Braised Lamb Shanks with Dried Apricots, Plums, and Candied Ginger Recipe

Max Falkowitz

As with most braises, you can make this all the night before and reheat it before serving. If you do, strain all the solids from the braising liquid so you can skim away the solid disk of fat that forms after a night in the refrigerator, then add the sauce back to the lamb and dried fruit in a Dutch oven to reheat in a 300° oven.

Recipe Details

Braised Lamb Shanks with Dried Apricots, Plums, and Candied Ginger Recipe

Active 60 mins
Total 0 mins
Serves 6 servings


  • 2 tablespoons oil

  • 3 large lamb shanks (about 2 1/2 pounds)

  • Kosher salt

  • 2 tablespoons coriander seed, freshly ground

  • 2 teaspoons cumin seed, freshly ground

  • 1 teaspoon half-sharp paprika

  • 1/2 teaspoon black pepper, freshly ground

  • 6 allspice berries, freshly ground

  • 5 cardamom pods, fresh ground

  • 5 chiles de arbol

  • Three 3-inch sticks cinnamon

  • 1 cup low-sodium chicken broth

  • 1 cup dried apricots

  • 1 cup dried plums (prunes)

  • 1/2 cup candied ginger, cut into large chunks

  • 1/2 teaspoon saffron

  • Juice of one or two lemons (or to taste), for serving

  • 2 tablespoons pomegranate molasses (or balsamic vinegar), for serving


  1. Preheat oven to 300°F. Heat a 5-6 quart Dutch oven on medium-high heat for three minutes, then add oil. Meanwhile, salt lamb shanks liberally—two to three teaspoons kosher salt per shank. When oil shimmers, brown shanks in oil, in batches, if necessary, until lightly browned on all sides (you do not need a dark sear for this dish).

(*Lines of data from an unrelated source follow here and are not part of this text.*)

lemma peval_add: "peval a (p + q) = peval a p + peval a q"
proof -
  let ?K = "Poly_Mapping.keys p \<union> Poly_Mapping.keys q"
  have "peval a (p + q) = (\<Sum>mn\<in>?K. Poly_Mapping.lookup (p + q) mn * eval_monom a mn)"
    by (rule peval_superset) (auto simp: keys_add)
  also have "\<dots> = (\<Sum>mn\<in>?K. Poly_Mapping.lookup p mn * eval_monom a mn)
                  + (\<Sum>mn\<in>?K. Poly_Mapping.lookup q mn * eval_monom a mn)"
    by (simp add: lookup_add distrib_right sum.distrib)
  also have "\<dots> = peval a p + peval a q"
    by (simp add: peval_superset[symmetric])
  finally show ?thesis .
qed

lemma peval_zero: "peval a 0 = 0"
  by (simp add: peval_def)

lemma peval_single: "peval a (Poly_Mapping.single x c) = c * eval_monom a x"
  by (subst peval_superset[where K="{x}"]) (auto simp: lookup_single)

lemma peval_sum: "peval a (sum f I) = (\<Sum>i\<in>I. peval a (f i))"
  by (induction I rule: infinite_finite_induct) (auto simp: peval_zero peval_add)

lemma sum_single_lookup:
  "(\<Sum>x\<in>Poly_Mapping.keys p. Poly_Mapping.single x (Poly_Mapping.lookup p x)) = p"
  by (rule poly_mapping_eqI)
    (simp add: lookup_sum lookup_single when_def in_keys_iff sum.delta' split: if_splits)

lemma mult_as_sum_single:
  "p * q = (\<Sum>x\<in>Poly_Mapping.keys p. \<Sum>y\<in>Poly_Mapping.keys q.
      Poly_Mapping.single x (Poly_Mapping.lookup p x) * Poly_Mapping.single y (Poly_Mapping.lookup q y))"
  by (simp add: sum_single_lookup sum_product[symmetric])

lemma peval_mult: "peval a (p * q) = peval a p * peval a q"
proof -
  have "peval a (p * q) = (\<Sum>x\<in>Poly_Mapping.keys p. \<Sum>y\<in>Poly_Mapping.keys q.
      (Poly_Mapping.lookup p x * eval_monom a x) * (Poly_Mapping.lookup q y * eval_monom a y))"
    by (subst mult_as_sum_single)
      (simp add: peval_sum mult_single peval_single eval_monom_add algebra_simps)
  also have "\<dots> = peval a p * peval a q"
    by (simp add: peval_def eval_monom_def sum_product)
  finally show ?thesis .
qed

lemma peval_const: "peval a (Poly_Mapping.single 0 c) = c"
  by (simp add: peval_single eval_monom_def)

lemma peval_one: "peval a 1 = 1"
  using peval_const[of a 1] by simp

lemma peval_of_int: "peval a (of_int z) = of_int z"
  using peval_const[of a "of_int z"] by simp

lemma peval_of_bool: "peval a (of_bool P) = of_bool P"
  by (cases P) (simp_all add: peval_one peval_zero)

lemma peval_prod: "peval a (prod f I) = (\<Prod>i\<in>I. peval a (f i))"
  by (induction I rule: infinite_finite_induct) (auto simp: peval_one peval_mult)

lemma peval_Var: "peval a (Var v) = a v"
  by (simp add: Var_def peval_single eval_monom_def)
(* There exists a minimal, weakly mixing homeomorphism $T\colon X\to X$ of a Cantor set $X$ which is conjugate to a homeomorphism $f\colon K\to K$ of a Cantor set $K\subseteq\mathbb{R}$ satisfying $f'(x)=0$ for every $x\in K$.
   Context: A Cantor set is a compact metric space that is totally disconnected and has no isolated points. $(X,T)$ is minimal if $X$ has no nonempty proper closed subset $A$ with $T(A)=A$; transitive if for all nonempty open $U,V\subseteq X$ there is $n\in\mathbb{N}$ with $T^n(U)\cap V\neq\emptyset$; weakly mixing if $(X\times X,T\times T)$ is transitive. Conjugacy means there is a homeomorphism $h\colon X\to K$ with $h\circ T=f\circ h$. For $K\subseteq\mathbb{R}$ perfect, $f'(x)=\lim_{y\to x,\,y\in K\setminus\{x\}}\frac{f(y)-f(x)}{y-x}$. *)

theory Defs
  imports "HOL-Analysis.Analysis"
begin

definition totally_disconnected :: "'a::topological_space set \<Rightarrow> bool" where
  "totally_disconnected X \<longleftrightarrow>
     (\<forall>C. C \<subseteq> X \<and> connected C \<longrightarrow> (\<forall>a\<in>C. \<forall>b\<in>C. a = b))"

definition cantor_set :: "'a::metric_space set \<Rightarrow> bool" where
  "cantor_set X \<longleftrightarrow> X \<noteq> {} \<and> compact X \<and> totally_disconnected X \<and> (\<forall>x\<in>X. x islimpt X)"

definition homeo_of :: "'a::topological_space set \<Rightarrow> ('a \<Rightarrow> 'a) \<Rightarrow> bool" where
  "homeo_of X T \<longleftrightarrow> (\<exists>S. homeomorphism X X T S)"

definition minimal_sys :: "'a::topological_space set \<Rightarrow> ('a \<Rightarrow> 'a) \<Rightarrow> bool" where
  "minimal_sys X T \<longleftrightarrow>
     \<not> (\<exists>A. A \<noteq> {} \<and> A \<subset> X \<and> closedin (top_of_set X) A \<and> T ` A = A)"

definition transitive_sys :: "'a::topological_space set \<Rightarrow> ('a \<Rightarrow> 'a) \<Rightarrow> bool" where
  "transitive_sys X T \<longleftrightarrow>
     (\<forall>U V. openin (top_of_set X) U \<and> U \<noteq> {} \<and> openin (top_of_set X) V \<and> V \<noteq> {}
        \<longrightarrow> (\<exists>n::nat. n \<ge> 1 \<and> (T ^^ n) ` U \<inter> V \<noteq> {}))"

definition weakly_mixing :: "'a::topological_space set \<Rightarrow> ('a \<Rightarrow> 'a) \<Rightarrow> bool" where
  "weakly_mixing X T \<longleftrightarrow> transitive_sys (X \<times> X) (\<lambda>(x, y). (T x, T y))"

definition conjugate ::
  "'a::topological_space set \<Rightarrow> ('a \<Rightarrow> 'a) \<Rightarrow> 'b::topological_space set \<Rightarrow> ('b \<Rightarrow> 'b) \<Rightarrow> bool" where
  "conjugate X T K f \<longleftrightarrow>
     (\<exists>h g. homeomorphism X K h g \<and> (\<forall>x\<in>X. h (T x) = f (h x)))"

text \<open>Derivative relative to a perfect set \<open>K \<subseteq> \<real>\<close>: limit of difference quotients
  as \<open>y \<to> x\<close> with \<open>y \<in> K - {x}\<close> (the filter \<open>at x within K\<close> excludes \<open>x\<close>).\<close>
definition has_rel_deriv :: "(real \<Rightarrow> real) \<Rightarrow> real set \<Rightarrow> real \<Rightarrow> real \<Rightarrow> bool" where
  "has_rel_deriv f K x d \<longleftrightarrow> ((\<lambda>y. (f y - f x) / (y - x)) \<longlongrightarrow> d) (at x within K)"

end

theory Submission
  imports Defs
begin

text \<open>
  The map is built by cutting and stacking three towers. Tower \<open>a\<close> of level \<open>n + 1\<close> is a stack
  of level-\<open>n\<close> towers following the word \<open>0\<^sup>n\<^sup>+\<^sup>2 1\<^sup>n\<^sup>+\<^sup>1 2\<close> (for \<open>a = 0, 2\<close>) or
  \<open>0\<^sup>n\<^sup>+\<^sup>1 1\<^sup>n\<^sup>+\<^sup>2 2\<close> (for \<open>a = 1\<close>), and tower \<open>1\<close> is always one floor higher than the others.
  Realising each floor as a closed interval inside the interval of the floor containing it gives
  a Cantor set \<open>K \<subseteq> \<real>\<close>, on which the map moves every point one floor up.

  Interval lengths are chosen to shrink super-exponentially along the order in which the map
  visits floors: two points separating at level \<open>n + 1\<close> are at least a sibling gap apart, while
  their images share a level-\<open>n\<close> interval shorter than that gap by a factor \<open>n + 2\<close>. Hence the
  difference quotients tend to \<open>0\<close>. Every orbit runs through every floor, which gives minimality;
  since the heights of towers \<open>0\<close> and \<open>1\<close> differ by one, the return times between two pairs of
  floors can be matched simultaneously, which gives weak mixing. The conjugacy is the identity.
\<close>

section \<open>Concatenated blocks\<close>

definition block_start :: "('a \<Rightarrow> nat) \<Rightarrow> 'a list \<Rightarrow> nat \<Rightarrow> nat" where
  "block_start h ws k = sum_list (map h (take k ws))"

fun locate :: "(nat \<Rightarrow> nat) \<Rightarrow> nat list \<Rightarrow> nat \<Rightarrow> nat \<times> nat" where
  "locate h [] j = (0, j)"
| "locate h (c # cs) j = (if j < h c then (c, j) else locate h cs (j - h c))"
(* Let $N$ be a galled tree on $\mathcal{X}$ with at least two galls, let $\mathcal{G}$ be a finite set of genes, let $G:\mathcal{X}\to 2^{\mathcal{G}}$ be a genome assignment and let $k$ be a positive integer. Let $u_1$, $N_1$, $Q_1$ and the extension of $G$ to the leaves $q_1$ and $v_1$ be as in the context. Then $N$ admits a $(G,k)$-gene labelling if and only if each of $N_1$ and $Q_1$ admits a $(G,k)$-gene labelling (with respect to the extended genome assignment on their respective leaf sets).
   Context: A digraph is rooted if it has a vertex $\rho$ of indegree zero such that every vertex is reachable from $\rho$ by a directed path. A phylogenetic network on $\mathcal{X}$ is a rooted acyclic digraph whose root has outdegree at least two, in which every vertex $v$ of outdegree $1$ has indegree at least $2$, and whose set of outdegree-zero vertices (leaves) is $\mathcal{X}$. A galled tree is a phylogenetic network in which any two distinct cycles of the underlying undirected graph have disjoint vertex sets (each such cycle is a gall). A genome assignment is any map from the leaf set to $2^{\mathcal{G}}$. A $(G,k)$-gene labelling of a network $M=(V,A)$ with leaf set $L$ is a map $F:V\to 2^{\mathcal{G}}$ with (I) $F(x)=G(x)$ for all $x\in L$; (II) $|F(v)|\le k$ for all $v\in V$; (III) for each $g\in\mathcal{G}$, the sub-digraph induced by $\{v\in V: g\in F(v)\}$ is rooted. Construction: $u_1$ is a vertex of $N$ such that, for some gall, every vertex of that gall is a descendant of $u_1$ (reachable from $u_1$ by a directed path), and no proper descendant of $u_1$ has this property. $N_1$ is obtained from $N$ by replacing $u_1$ together with all its descendants by a single new leaf $q_1$. $Q_1$ is obtained from $N$ by deleting all vertices that are not descendants of $u_1$ and adding a new root $r_1$ with exactly two children, $u_1$ and a new leaf $v_1$. Let $L_{Q_1}$ be the leaf set of $Q_1$, and set $G(q_1)=G(v_1)=\big(\bigcup_{x\in L_{Q_1}\setminus\{v_1\}}G(x)\big)\cap\big(\bigcup_{x\in\mathcal{X}\setminus L_{Q_1}}G(x)\big)$. *)

theory Defs
  imports Main
begin
text \<open>Both spanning notions share three properties: a 0/1 vector in X is spanned by X;
  spanning is transitive; and if X spans y while a subset X' does not, then some element of
  X - X' lies coordinatewise below y. Let bases U and V span each other and u \<in> U. By
  minimality of U, U - {u} does not span u. Hence neither does the part V' of V spanned by
  U - {u}, while V does, so some v \<in> V - V' lies below u; and U spans v while U - {u} does not,
  so u lies below v. Thus u = v \<in> V, and U = V by symmetry. Spanning between bases is
  transitive, so a cycle through an edge U \<rightarrow> V would make U and V span each other.\<close>

definition zero_one :: "(nat \<Rightarrow> nat) \<Rightarrow> bool" where
  "zero_one x \<longleftrightarrow> (\<forall>i. x i \<in> {0,1})"

lemma column_zero_one:
  assumes "binary_matrix n m A" and "c \<in> columns n m A"
  shows "zero_one c"
proof -
  obtain j where "j < m" "c = (\<lambda>i. if i < n then A i j else 0)"
    using assms(2) unfolding columns_def by blast
  then show ?thesis
    using assms(1) unfolding binary_matrix_def zero_one_def by auto
qed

  2. Set shanks aside on a plate and add all spices except saffron to pot. Stir frequently to coat with fat until spices become intensely aromatic, 30 seconds to 1 minute. Add chicken broth, scraping browned bits off bottom of pan, then apricots, plums, candied ginger, and saffron. Stir to combine, then arrange lamb shanks in a single layer in bottom of pot.

  3. Cover with a heavy, well-fitted lid (or use a sheet of aluminum foil under the lid) and transfer pot to oven and braise for 3 to 3 1/2 hours, or until shanks are meltingly tender and offer a paring knife no resistance.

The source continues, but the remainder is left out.